Saved entries:
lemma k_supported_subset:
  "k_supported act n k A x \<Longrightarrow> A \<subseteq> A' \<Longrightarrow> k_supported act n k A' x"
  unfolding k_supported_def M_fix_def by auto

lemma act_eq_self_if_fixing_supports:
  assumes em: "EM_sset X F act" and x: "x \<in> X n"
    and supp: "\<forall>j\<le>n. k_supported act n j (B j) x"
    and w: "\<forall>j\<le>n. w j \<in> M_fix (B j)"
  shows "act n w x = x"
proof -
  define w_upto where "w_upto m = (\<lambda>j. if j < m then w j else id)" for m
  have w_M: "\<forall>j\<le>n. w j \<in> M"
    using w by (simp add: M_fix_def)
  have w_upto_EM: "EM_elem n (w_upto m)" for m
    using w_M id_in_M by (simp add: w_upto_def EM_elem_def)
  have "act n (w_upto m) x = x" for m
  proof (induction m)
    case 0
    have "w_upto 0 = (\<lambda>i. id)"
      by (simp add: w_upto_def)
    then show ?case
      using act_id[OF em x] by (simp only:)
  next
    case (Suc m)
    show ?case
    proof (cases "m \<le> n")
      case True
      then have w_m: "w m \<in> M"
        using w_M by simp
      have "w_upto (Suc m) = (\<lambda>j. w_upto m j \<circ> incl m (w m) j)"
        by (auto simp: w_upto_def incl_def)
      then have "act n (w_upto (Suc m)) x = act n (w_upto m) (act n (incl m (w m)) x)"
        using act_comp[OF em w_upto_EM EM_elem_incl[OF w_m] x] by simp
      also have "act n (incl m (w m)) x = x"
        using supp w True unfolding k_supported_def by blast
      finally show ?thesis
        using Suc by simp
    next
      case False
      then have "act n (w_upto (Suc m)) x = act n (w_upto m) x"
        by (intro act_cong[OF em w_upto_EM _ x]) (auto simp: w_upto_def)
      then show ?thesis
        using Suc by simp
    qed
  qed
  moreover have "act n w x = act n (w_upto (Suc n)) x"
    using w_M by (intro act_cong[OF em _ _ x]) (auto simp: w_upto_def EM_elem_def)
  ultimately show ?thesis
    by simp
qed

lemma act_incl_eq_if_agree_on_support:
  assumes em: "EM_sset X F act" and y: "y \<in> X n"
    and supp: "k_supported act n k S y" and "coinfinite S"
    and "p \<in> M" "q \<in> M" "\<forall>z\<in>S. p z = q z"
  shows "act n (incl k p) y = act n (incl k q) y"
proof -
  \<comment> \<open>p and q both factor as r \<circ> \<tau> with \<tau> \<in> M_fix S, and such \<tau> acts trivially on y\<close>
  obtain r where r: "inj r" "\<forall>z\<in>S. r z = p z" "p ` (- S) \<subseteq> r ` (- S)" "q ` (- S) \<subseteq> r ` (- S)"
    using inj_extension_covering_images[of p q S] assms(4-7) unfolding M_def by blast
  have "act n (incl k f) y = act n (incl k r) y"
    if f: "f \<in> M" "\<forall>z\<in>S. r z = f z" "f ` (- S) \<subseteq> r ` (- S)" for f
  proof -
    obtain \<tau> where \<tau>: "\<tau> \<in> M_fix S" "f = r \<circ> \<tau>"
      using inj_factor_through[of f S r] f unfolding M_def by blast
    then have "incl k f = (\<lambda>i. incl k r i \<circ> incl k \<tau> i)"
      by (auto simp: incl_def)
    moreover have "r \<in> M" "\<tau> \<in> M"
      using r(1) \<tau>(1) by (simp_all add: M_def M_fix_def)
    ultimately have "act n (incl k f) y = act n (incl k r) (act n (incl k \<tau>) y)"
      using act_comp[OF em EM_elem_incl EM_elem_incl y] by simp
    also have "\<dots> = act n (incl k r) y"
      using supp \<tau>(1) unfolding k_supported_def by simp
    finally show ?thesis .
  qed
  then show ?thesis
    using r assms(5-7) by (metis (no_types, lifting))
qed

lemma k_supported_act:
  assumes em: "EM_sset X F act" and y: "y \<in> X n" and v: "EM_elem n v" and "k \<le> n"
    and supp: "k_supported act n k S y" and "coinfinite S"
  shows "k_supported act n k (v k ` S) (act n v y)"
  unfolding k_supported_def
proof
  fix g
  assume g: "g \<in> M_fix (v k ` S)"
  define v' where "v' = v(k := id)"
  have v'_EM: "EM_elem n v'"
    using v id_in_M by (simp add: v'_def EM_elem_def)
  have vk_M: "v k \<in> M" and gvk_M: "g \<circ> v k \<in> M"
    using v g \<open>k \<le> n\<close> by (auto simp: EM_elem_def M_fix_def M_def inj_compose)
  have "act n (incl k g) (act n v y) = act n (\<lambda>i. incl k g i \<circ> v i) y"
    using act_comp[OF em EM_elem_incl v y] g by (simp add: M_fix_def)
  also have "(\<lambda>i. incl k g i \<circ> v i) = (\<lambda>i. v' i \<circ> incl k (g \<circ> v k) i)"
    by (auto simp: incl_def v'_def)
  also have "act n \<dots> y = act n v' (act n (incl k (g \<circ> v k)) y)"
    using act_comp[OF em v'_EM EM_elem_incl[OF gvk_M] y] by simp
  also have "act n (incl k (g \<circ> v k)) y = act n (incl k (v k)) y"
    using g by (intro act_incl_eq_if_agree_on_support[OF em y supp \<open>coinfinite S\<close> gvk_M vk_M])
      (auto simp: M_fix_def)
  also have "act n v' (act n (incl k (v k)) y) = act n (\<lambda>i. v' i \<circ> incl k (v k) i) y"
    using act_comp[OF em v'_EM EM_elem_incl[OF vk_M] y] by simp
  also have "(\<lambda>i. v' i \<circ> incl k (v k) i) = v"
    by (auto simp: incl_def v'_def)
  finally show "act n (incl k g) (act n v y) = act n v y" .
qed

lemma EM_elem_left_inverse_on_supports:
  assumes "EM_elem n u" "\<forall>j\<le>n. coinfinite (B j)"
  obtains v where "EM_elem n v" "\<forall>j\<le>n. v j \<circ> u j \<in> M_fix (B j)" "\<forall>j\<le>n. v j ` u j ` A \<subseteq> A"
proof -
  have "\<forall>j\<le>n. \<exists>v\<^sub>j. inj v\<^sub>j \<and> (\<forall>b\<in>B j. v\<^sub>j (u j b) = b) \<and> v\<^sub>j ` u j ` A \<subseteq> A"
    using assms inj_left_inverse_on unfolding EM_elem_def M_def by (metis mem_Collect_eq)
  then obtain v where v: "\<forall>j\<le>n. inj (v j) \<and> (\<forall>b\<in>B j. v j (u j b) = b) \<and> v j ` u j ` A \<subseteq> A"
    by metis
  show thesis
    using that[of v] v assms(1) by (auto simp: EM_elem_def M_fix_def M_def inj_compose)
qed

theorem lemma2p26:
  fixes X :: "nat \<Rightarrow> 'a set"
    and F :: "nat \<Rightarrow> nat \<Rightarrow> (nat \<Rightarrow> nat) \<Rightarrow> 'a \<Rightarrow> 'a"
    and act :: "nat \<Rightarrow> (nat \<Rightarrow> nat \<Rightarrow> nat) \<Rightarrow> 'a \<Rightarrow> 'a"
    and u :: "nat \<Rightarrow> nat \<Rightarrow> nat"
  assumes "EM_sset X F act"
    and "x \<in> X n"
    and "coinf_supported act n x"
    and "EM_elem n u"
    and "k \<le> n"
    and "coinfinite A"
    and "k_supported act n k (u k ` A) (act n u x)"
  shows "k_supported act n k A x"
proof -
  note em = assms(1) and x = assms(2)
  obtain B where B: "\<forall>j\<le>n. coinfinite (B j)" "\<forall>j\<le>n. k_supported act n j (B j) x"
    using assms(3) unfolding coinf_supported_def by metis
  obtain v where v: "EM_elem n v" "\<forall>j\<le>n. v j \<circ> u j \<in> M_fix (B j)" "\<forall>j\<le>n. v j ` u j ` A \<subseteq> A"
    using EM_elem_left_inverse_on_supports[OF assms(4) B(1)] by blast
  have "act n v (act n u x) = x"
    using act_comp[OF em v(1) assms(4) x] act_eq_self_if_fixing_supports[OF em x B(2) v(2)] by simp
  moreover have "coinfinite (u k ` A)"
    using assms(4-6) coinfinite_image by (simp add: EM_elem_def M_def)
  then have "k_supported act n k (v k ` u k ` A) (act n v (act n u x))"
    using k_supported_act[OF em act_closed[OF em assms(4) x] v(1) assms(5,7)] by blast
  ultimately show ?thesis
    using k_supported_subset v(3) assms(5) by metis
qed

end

#### Exercise goal
For each line in the records that holds "subseteq", show that line as it stands.

#### Answer box
  "k_supported act n k A x \<Longrightarrow> A \<subseteq> A' \<Longrightarrow> k_supported act n k A' x"
  obtain r where r: "inj r" "\<forall>z\<in>S. r z = p z" "p ` (- S) \<subseteq> r ` (- S)" "q ` (- S) \<subseteq> r ` (- S)"
    if f: "f \<in> M" "\<forall>z\<in>S. r z = f z" "f ` (- S) \<subseteq> r ` (- S)" for f
  obtains v where "EM_elem n v" "\<forall>j\<le>n. v j \<circ> u j \<in> M_fix (B j)" "\<forall>j\<le>n. v j ` u j ` A \<subseteq> A"
  have "\<forall>j\<le>n. \<exists>v\<^sub>j. inj v\<^sub>j \<and> (\<forall>b\<in>B j. v\<^sub>j (u j b) = b) \<and> v\<^sub>j ` u j ` A \<subseteq> A"
  then obtain v where v: "\<forall>j\<le>n. inj (v j) \<and> (\<forall>b\<in>B j. v j (u j b) = b) \<and> v j ` u j ` A \<subseteq> A"
  obtain v where v: "EM_elem n v" "\<forall>j\<le>n. v j \<circ> u j \<in> M_fix (B j)" "\<forall>j\<le>n. v j ` u j ` A \<subseteq> A"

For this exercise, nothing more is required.